Они вышли к остановке и остановились в ожидании трамвая. После нескольких минут ожидания Андрей вышел на проезжую часть, чтобы разглядеть, не приближается ли трамвай. Мимо, обдав его жарким ветерком, пронеслись синие «Жигули». Андрей инстинктивно отпрянул и тут же услыхал возмущенный окрик:
– Куда выперся?! Жить надоело?
– Ты что?! – Неожиданная вспышка Катрича неприятно задела Андрея.
– А то, – уже спокойно ответил напарник, – что мы с тобой в деле. И ты теперь, прежде чем высунуть голову из кустов, каждый раз обязан поднимать вверх фуражку на палке…
– Цирк! – засмеялся Андрей. – Думаешь, «жигуль» целил в меня?
– Сегодня еще нет, а завтра все может быть.
– Слушай, ты так и живешь каждый день с опаской? – В голосе Андрея звучала нескрываемая насмешка.
Катрич посмотрел ему прямо в глаза:
– Не с опаской, а благодаря ей. Прежде чем ступить, смотрю под ноги…
– Я так не приучен, – сказал Андрей и скептически улыбнулся. – Это не жизнь, если дрожать на каждом шагу.
– Валяй-валяй, – устало бросил Катрич и отвернулся. – Вот клюнет жареный петух в задницу – вспомнишь мои слова.
К остановке, болтаясь на разбитых рельсах из стороны в сторону, приближался красный трамвай…
Придонский военный госпиталь – красное кирпичное здание дореволюционной постройки – размещался в глубине большого двора, затененного кронами платанов. Всюду под деревьями на скамеечках сидели ходячие больные, выползавшие сюда, чтобы не балдеть в душных палатах. Андрей невольно обратил внимание на множество раненых – с костылями, с повязками на головах, лицах, руках. Взаимные претензии и взаиморасчеты южных соседей России обильно окроплялись русской кровью, которую политики ценили куда ниже бензина.
Проходя по чистой асфальтированной дорожке, тянувшейся от ворот к главному входу, Андрей вдруг вспомнил слова Петра Первого, сказанные при открытии военного госпиталя в Лефортово. «Зело отменная гошпиталь построена, – сказал тогда император, – хотя попадать в нее господам офицерам не пожелаю». Нынешние правители такой заботы о военных, судя по многим признакам, давно уже не проявляли.
Накинув на плечи халат, полученный в гардеробной, Андрей шел по узкому длинному коридору неуверенный и тихий. Здесь всюду жил запах человеческих страданий: густо пахло эфиром, просохшей мочой, ихтиоловой мазью. «Посторонитесь!» – предупредила Андрея немолодая сестра и провезла мимо него операционную каталку, на которой лежал бледный худолицый человек. Каталка подпрыгивала на щербатом цементном полу, и голова человека безвольно болталась из стороны в сторону.
Поднявшись по узкой лестнице на второй этаж, Андрей отыскал палату номер двадцать. В ней, как ему сообщили, лежал дядя Ваня – Иван Васильевич Костров, шофер отца, которого задела одна из пуль, выпущенных террористом в момент покушения. Свинец только распорол плечо, и дядю Ваню можно было выписать сразу же после перевязки, но нервное потрясение оказалось слишком сильным, и оправиться от него он сразу не мог. Потому его оставили в отделении огнестрельной травмы до улучшения самочувствия.
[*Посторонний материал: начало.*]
theorem theorem2p4:
  fixes V :: "'a set" and E :: "'a \<Rightarrow> 'a \<Rightarrow> bool"
  assumes "simple_graph V E" and "connected_graph V E" and "interval_graph V E"
  shows "disjoint_union_of_paths {v \<in> V. wt V E v > 0} E"
proof -
  obtain l r where "connected_interval_model V E l r"
    by (rule interval_graph_model[OF assms])
  then interpret connected_interval_model V E l r .
  have "{v \<in> V. wt V E v > 0} \<subseteq> {v. cut_vertex V E v}"
    by (auto intro: positive_weight_cut_vertex)
  then show ?thesis by (rule cut_vertices_union_of_paths)
qed

end
theorem mainTheorem11:
  fixes f :: "real^'n^'m \<Rightarrow> real"
    and grad :: "real^'n^'m \<Rightarrow> real^'n^'m"
    and P :: "'w measure"
    and G :: "nat \<Rightarrow> nat \<Rightarrow> 'w \<Rightarrow> real^'n^'m"
    and T :: "real^'n^'m \<Rightarrow> real^'n^'m"
    and L fstar \<beta> \<eta> :: real and B K :: nat
    and X0 Cm1 :: "real^'n^'m"
  defines "d0 \<equiv> min CARD('m) CARD('n)"
    and "X \<equiv> (\<lambda>k \<omega>. muon_X T \<beta> \<eta> X0 Cm1 (batch_grad G B \<omega>) k)"
    and "S \<equiv> (\<lambda>k \<omega>. (1 - \<beta>) *\<^sub>R muon_M T \<beta> \<eta> X0 Cm1 (batch_grad G B \<omega>) k
                       - grad (muon_X T \<beta> \<eta> X0 Cm1 (batch_grad G B \<omega>) k))"
  assumes grad: "\<And>Y. GDERIV f Y :> grad Y"
    and lower: "\<And>Y. fstar \<le> f Y"
    and smooth: "\<And>Y Z. norm (grad Y - grad Z) \<le> L * norm (Y - Z)"
    and polar: "is_polar_op T"
    and P: "prob_space P"
    and beta: "0 < \<beta>" "\<beta> < 1"
    and eta: "0 < \<eta>"
    and B: "1 \<le> B"
    and int_grad: "\<And>k. integrable P (\<lambda>\<omega>. norm (grad (X k \<omega>)))"
    and int_S: "\<And>k. integrable P (\<lambda>\<omega>. norm (S k \<omega>))"
    and K: "1 \<le> K"
  shows "\<eta> * (\<Sum>k<K. (\<integral>\<omega>. norm (grad (X k \<omega>)) \<partial>P))
         \<le> f X0 - fstar + L * real d0 / 2 * real K * \<eta>\<^sup>2
            + \<eta> * (1 + sqrt (real d0)) * (\<Sum>k<K. (\<integral>\<omega>. norm (S k \<omega>) \<partial>P))"
proof -
  define c where "c = L * real d0 / 2 * \<eta>\<^sup>2"
  define \<gamma> where "\<gamma> = \<eta> * (1 + sqrt (real d0))"
  have step: "f (X (Suc k) \<omega>) \<le> f (X k \<omega>) - (\<eta> * norm (grad (X k \<omega>)) - \<gamma> * norm (S k \<omega>)) + c"
    for k \<omega>
    using polar_step_descent[OF grad smooth polar eta beta(2),
        of "X k \<omega>" "muon_M T \<beta> \<eta> X0 Cm1 (batch_grad G B \<omega>) k"]
    unfolding X_def S_def muon_X_Suc c_def \<gamma>_def d0_def by (simp add: algebra_simps)
  have pathwise: "\<eta> * (\<Sum>k<K. norm (grad (X k \<omega>)))
      \<le> f X0 - fstar + real K * c + \<gamma> * (\<Sum>k<K. norm (S k \<omega>))" for \<omega>
    using sum_le_telescope[where F = "\<lambda>k. f (X k \<omega>)", OF step, of K] lower[of "X K \<omega>"]
    by (simp add: X_def muon_X_def sum_subtractf sum_distrib_left)
  have "\<eta> * (\<Sum>k<K. (\<integral>\<omega>. norm (grad (X k \<omega>)) \<partial>P))
      \<le> f X0 - fstar + real K * c + \<gamma> * (\<Sum>k<K. (\<integral>\<omega>. norm (S k \<omega>) \<partial>P))"
    using int_grad int_S pathwise
    by (rule prob_space.expectation_sum_le_of_pointwise[OF P,
          where a = "\<lambda>k \<omega>. norm (grad (X k \<omega>))" and b = "\<lambda>k \<omega>. norm (S k \<omega>)"])
  then show ?thesis
    unfolding c_def \<gamma>_def by (simp add: algebra_simps)
qed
Кострова Андрей знал давно и очень удивился, увидев его совсем не таким, каким привык видеть, – веселым и подвижным. На койке, натянув простыню до подбородка, лежал человек с потухшими, ввалившимися глазами.
– Спасибо, Андрюша, – сказал Костров унылым голосом. – Вот уж не думал, что ты зайдешь. – Он шмыгнул носом.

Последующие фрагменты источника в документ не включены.